Исаак подошел к ней и вежливо, но настойчиво попросил какую-нибудь книгу для чтения. В наличии было только “Что делать? ” Чернышевского. Это нисколько не смутило Исаака. Он даже усмотрел в названии книги руководство к действию. Они перебросились несколькими фразами… и познакомились.

С первых же минут знакомства Анжела поразила Исаака необычностью своих вопросов. Первое, что она сочла необходимым спросить, это: “Какое у Вас образование? ” и “Ваше семейное положение”. А Исааку же почему-то очень хотелось спросить: ”Какого цвета у Вас трусики? ”. Что он в конце концов и сделал.

После получения исчерпывающего ответа на вопрос разговор вошел в обычное русло, они очень мило поболтали, и впечатление друг от друга у них осталось самое положительное. И уже в самом конце разговора, видимо, чтобы поразить нового знакомого еще больше, Анжела заявила:

- А знаете, Исаак Антипович, что мне больше всего нравится в жизни? Это – командовать, плавать и трахаться!

Эффект, которого хотела добиться Анжела, был достигнут. Парсонс был поражен. Такой простоты он давно уже не встречал. Даже в дурдоме.

Вечером он долго не мог заснуть, ворочаясь с боку на бок и мучаясь одним вопросом: “А хорошо ли она плавает? ”

Конечно, случилась у них дружба.

Известно, что рыбак рыбака видит из далека, дурак дурака тоже. И разумеется, что два таких самобытных придурка как Анжела и Исаак не могли пройти мимо друг друга. И с этого дня все свое свободное время они стали проводить вместе. Либо в библиотеке у Анжелы, либо в комнате у Парсонса.

Часто они приглашали в свою компанию и Клару. И тогда они выгоняли всех из библиотеки, закрывались и придумывали какое-нибудь развлечение, или вели неторопливо долгие беседы за чашкой чая.

Для Парсонса самым большим развлечением было слушать занимательные истории в исполнении одной из своих подружек. Даже когда эти истории казались им самим ужасно серьезными, Паронсу все равно удавалось отыскать в них тему для того, чтобы всласть похохотать вечером перед отходом ко сну.

На Анжелу Парсонс действовал положительно. Общество Исаака доставляло ей удовольствие и она как бы забывала о своих проблемах. Исаак, когда хотел, мог быть очень обаятельным. Этакий положительный герой!
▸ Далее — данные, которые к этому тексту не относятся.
theorem turan:
  assumes "0 < r" "simple_graph V E" "\<not> has_clique V E (r + 1)"
  shows "num_edges V E \<le> turan_sum r (card V)"
  using assms(2,3)
proof (induction "card V" arbitrary: V rule: less_induct)
  case less
  have finV: "finite V"
    using less.prems(1) by (simp add: simple_graph_def)
  show ?case
  proof (cases "V = {}")
    case True
    then show ?thesis by simp
  next
    case False
    obtain S where S: "S \<subseteq> V" "is_clique E S"
      and max: "\<And>T. T \<subseteq> V \<Longrightarrow> is_clique E T \<Longrightarrow> card T \<le> card S"
      using obtain_maximum_clique[OF finV] by metis
    obtain v where "v \<in> V"
      using False by blast
    then have "1 \<le> card S"
      using max[of "{v}"] by (simp add: is_clique_def)
    define W where "W = V - S"
    have V: "V = S \<union> W" "S \<inter> W = {}"
      unfolding W_def using S(1) by auto
    have finSW: "finite S" "finite W"
      using V(1) finV by auto
    have cardV: "card V = card W + card S"
      using V finSW by (simp add: card_Un_disjoint)
    have "W \<subseteq> V"
      unfolding W_def by blast
    then have "num_edges W E \<le> turan_sum r (card W)"
      using less.prems \<open>1 \<le> card S\<close> cardV has_clique_mono[of W E "r + 1" V]
      by (intro less.hyps simple_graph_subset[OF less.prems(1)]) auto
    moreover have "num_edges S E \<le> (\<Sum>j<card S. j)"
      using simple_graph_subset[OF less.prems(1) S(1)] by (rule num_edges_le_sum_lessThan)
    moreover have "(\<Sum>w\<in>W. degree S E w) \<le> (\<Sum>w\<in>W. card S - 1)"
      using degree_maximum_clique_less[OF less.prems(1) S max]
      by (intro sum_mono) (fastforce simp: W_def)
    ultimately have "num_edges V E \<le> turan_sum r (card W) + (\<Sum>j<card S. j) + card W * (card S - 1)"
      using num_edges_Un_disjoint[of S W E] less.prems(1) V by simp
    also have "\<dots> \<le> turan_sum r (card V)"
      using turan_sum_add_le[OF assms(1) card_clique_le[OF S less.prems(2)]] cardV by simp
    finally show ?thesis .
  qed
qed

lemma degree_turan_adj_ge:
  assumes "0 < r"
  shows "n - n div r \<le> degree {0..<n} (turan_adj r) n"
proof -
  define Q where "Q = {u \<in> {0..<n}. u mod r = n mod r}"
  have "inj_on (\<lambda>u. u div r) Q"
  proof (rule inj_onI)
    fix x y assume "x \<in> Q" "y \<in> Q" "x div r = y div r"
    moreover from this have "x mod r = y mod r"
      unfolding Q_def by simp
    ultimately show "x = y"
      by (metis div_mult_mod_eq)
  qed
  moreover have "(\<lambda>u. u div r) ` Q \<subseteq> {..<n div r}"
  proof
    fix z assume "z \<in> (\<lambda>u. u div r) ` Q"
    then obtain u where u: "u < n" "u mod r = n mod r" "z = u div r"
      unfolding Q_def by auto
    then have "u div r * r < n div r * r"
      using div_mult_mod_eq[of u r] div_mult_mod_eq[of n r] by linarith
    then show "z \<in> {..<n div r}"
      using u(3) by simp
  qed
  ultimately have "card Q \<le> n div r"
    using card_mono[of "{..<n div r}" "(\<lambda>u. u div r) ` Q"] by (simp add: card_image)
  moreover have "{u \<in> {0..<n}. turan_adj r n u} = {0..<n} - Q"
    unfolding Q_def turan_adj_def by auto
  moreover have "card ({0..<n} - Q) = n - card Q"
    unfolding Q_def by (subst card_Diff_subset) auto
  ultimately show ?thesis
    unfolding degree_def by simp
qed

lemma turan_sum_le_turan_num:
  assumes "0 < r"
  shows "turan_sum r n \<le> turan_num r n"
proof (induction n)
  case 0
  then show ?case by (simp add: turan_sum_def)
next
  case (Suc n)
  have "simple_graph {0..<Suc n} (turan_adj r)"
    by (simp add: simple_graph_def turan_adj_def)
  then have "turan_num r (Suc n) = turan_num r n + degree {0..<n} (turan_adj r) n"
    unfolding turan_num_def using num_edges_insert[of n "{0..<n}" "turan_adj r"]
    by (simp add: atLeast0_lessThan_Suc)
  then show ?case
    using Suc degree_turan_adj_ge[OF assms, of n] by (simp add: turan_sum_Suc)
qed

definition turan_density :: "nat \<Rightarrow> real" where
  "turan_density r = (real r - 1) / (2 * real r)"

lemma turan_sum_ge:
  assumes "0 < r"
  shows "turan_density r * (real n ^ 2 - real n) \<le> real (turan_sum r n)"
proof (induction n)
  case 0
  then show ?case by (simp add: turan_sum_def)
next
  case (Suc n)
  have "real n - real n / real r \<le> real (n - n div r)"
    using of_nat_div_le_of_nat[of n r] by (simp add: of_nat_diff)
  moreover have "turan_density r * (real (Suc n) ^ 2 - real (Suc n))
      = turan_density r * (real n ^ 2 - real n) + (real n - real n / real r)"
    using assms by (simp add: turan_density_def field_simps power2_eq_square)
  ultimately show ?case
    using Suc by (simp add: turan_sum_Suc)
qed

section \<open>Deleting vertices of low degree\<close>

lemma potential_Diff_low_degree_vertex:
  fixes c \<beta> :: real
  assumes "simple_graph U E" "v \<in> U" "real (degree U E v) \<le> (2 * c - \<beta>) * real (card U)"
  shows "real (num_edges U E) - c * real (card U) ^ 2 + \<beta> * real (card U) - c
    \<le> real (num_edges (U - {v}) E) - c * real (card (U - {v})) ^ 2"
proof -
  have "finite U"
    using assms(1) by (simp add: simple_graph_def)
  then have card: "real (card U) = real (card (U - {v})) + 1"
    using assms(2) card_Suc_Diff1 by fastforce
  have edges: "real (num_edges U E) = real (num_edges (U - {v}) E) + real (degree U E v)"
    using num_edges_Diff_vertex[OF assms(1,2)] by simp
  show ?thesis
    using assms(3) unfolding card edges by (simp add: algebra_simps power2_eq_square)
qed

lemma low_degree_le_turan_degree:
  fixes d \<beta> :: real
  assumes "0 < r" "1 \<le> \<beta> * real (Suc m)" "d \<le> (2 * turan_density r - \<beta>) * real (Suc m)"
  shows "d \<le> real (m - m div r)"
proof -
  have "2 * turan_density r * real (Suc m) = real m - real m / real r + (real r - 1) / real r"
    using assms(1) by (simp add: turan_density_def field_simps)
  moreover have "(real r - 1) / real r \<le> 1"
    using assms(1) by simp
  moreover have "real m - real m / real r \<le> real (m - m div r)"
    using of_nat_div_le_of_nat[of m r] by (simp add: of_nat_diff)
  moreover have "(2 * turan_density r - \<beta>) * real (Suc m) = 2 * turan_density r * real (Suc m) - \<beta> * real (Suc m)"
    by (simp add: algebra_simps)
  ultimately show ?thesis
    using assms(2,3) by linarith
qed
lemma eexp_concave:
  assumes M: "prob_space M" and a: "0 \<le> a"
    and Yxm: "Yx' \<in> borel_measurable M" and Yym: "Yy' \<in> borel_measurable M" and Yzm: "Yz' \<in> borel_measurable M"
    and ex: "AE x in M. Yx x = Yx' x" and ey: "AE x in M. Yy x = Yy' x" and ez: "AE x in M. Yz x = Yz' x"
    and ax: "AE x in M. - a \<le> Yx x" and ay: "AE x in M. - a \<le> Yy x" and az: "AE x in M. - a \<le> Yz x"
    and u: "0 \<le> u" and v: "0 \<le> v" and uv: "u + v = 1"
    and cz: "AE x in M. u * Yx' x + v * Yy' x \<le> Yz' x"
  shows "ereal u * eexp M Yx + ereal v * eexp M Yy \<le> eexp M Yz"
proof -
  define Hx where "Hx = (\<integral>\<^sup>+x. ennreal (Yx' x + a) \<partial>M)"
  define Hy where "Hy = (\<integral>\<^sup>+x. ennreal (Yy' x + a) \<partial>M)"
  define Hz where "Hz = (\<integral>\<^sup>+x. ennreal (Yz' x + a) \<partial>M)"
  have Ex: "eexp M Yx = enn2ereal Hx - ereal a" unfolding Hx_def by (rule eexp_shift[OF M a Yxm ex ax])
  have Ey: "eexp M Yy = enn2ereal Hy - ereal a" unfolding Hy_def by (rule eexp_shift[OF M a Yym ey ay])
  have Ez: "eexp M Yz = enn2ereal Hz - ereal a" unfolding Hz_def by (rule eexp_shift[OF M a Yzm ez az])
  have ax': "AE x in M. - a \<le> Yx' x" using ax ex by eventually_elim auto
  have ay': "AE x in M. - a \<le> Yy' x" using ay ey by eventually_elim auto
  have "ennreal u * Hx + ennreal v * Hy
      = (\<integral>\<^sup>+x. ennreal u * ennreal (Yx' x + a) + ennreal v * ennreal (Yy' x + a) \<partial>M)"
    unfolding Hx_def Hy_def using Yxm Yym by (simp add: nn_integral_cmult nn_integral_add)
  also have "\<dots> \<le> Hz" unfolding Hz_def
  proof (rule nn_integral_mono_AE, use ax' ay' cz in eventually_elim)
    case (elim x)
    have "u * (Yx' x + a) + v * (Yy' x + a) = u * Yx' x + v * Yy' x + (u + v) * a"
      by (simp add: algebra_simps)
    then have "u * (Yx' x + a) + v * (Yy' x + a) \<le> Yz' x + a" using elim uv by simp
    then show ?case using elim u v
      by (simp add: ennreal_mult[symmetric] ennreal_plus[symmetric] ennreal_leI del: ennreal_plus)
  qed
  finally have "ereal u * enn2ereal Hx + ereal v * enn2ereal Hy \<le> enn2ereal Hz"
    using u v by (simp add: less_eq_ennreal.rep_eq plus_ennreal.rep_eq times_ennreal.rep_eq)
  moreover have "ereal u * (enn2ereal Hx - ereal a) + ereal v * (enn2ereal Hy - ereal a)
      = ereal u * enn2ereal Hx + ereal v * enn2ereal Hy - ereal a"
  proof (cases "enn2ereal Hx"; cases "enn2ereal Hy")
    fix r s assume "enn2ereal Hx = ereal r" "enn2ereal Hy = ereal s"
    then show ?thesis using uv by (simp add: algebra_simps) (metis distrib_left mult.commute mult_1)
  qed (use u v uv in \<open>auto simp: ereal_mult_infty\<close>)
  ultimately show ?thesis unfolding Ex Ey Ez by (metis ereal_minus_mono order_refl)
qed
Не ебаться, бля….

Да и Анжела ему ужасно нравилась. Ее трогательная простота, пушистые реснички, ее чудесные волосы и даже голос – все вызывало у Исаака массу положительных эмоций. Он получал громадное наслаждение от общения с ней. Иногда даже хуй вставал.

Ее инфантильность иногда просто убивала. А в другой раз она показывала себя умудренной жизнью женщиной, даже усталой от жизни. И эти метаморфозы вызывали у Парсонса волну бурного восхищения, а иногда и умиления.

То Парсонс был полностью солидарен с Кларой и думал “Какая же она сучка! ”, то ему хотелось ласково погладить ее по головке и сказать: “Возьми, деточка конфетку! ” Парсонс так однажды определил характер их отношений – игра под названием “Кто из нас больше сумасшедший? ”

Анжела иногда так увлекалась своими фантазиями, что теряла чувство реальности. Но очень обижалась, когда чувствовала, что ее не понимают или ей не верят.

А Парсонса всегда мучил вопрос – держит ли она его за дурака, рассказывая свои «правдивые фантазии» или сама верит в то, что говорит и хочет, чтобы и он тоже поверил? Например, как понять такой ее рассказ?

- За мной однажды ухаживал один мальчик, а я сама не знала, любила его или нет, - говорила Анжела.

- То есть как это? – интересовался Исаак.

- Ну, он был очень талантливый музыкант. Музыку сочинял. Я часто к нему бегала – ну там, музыку послушать, пообщаться.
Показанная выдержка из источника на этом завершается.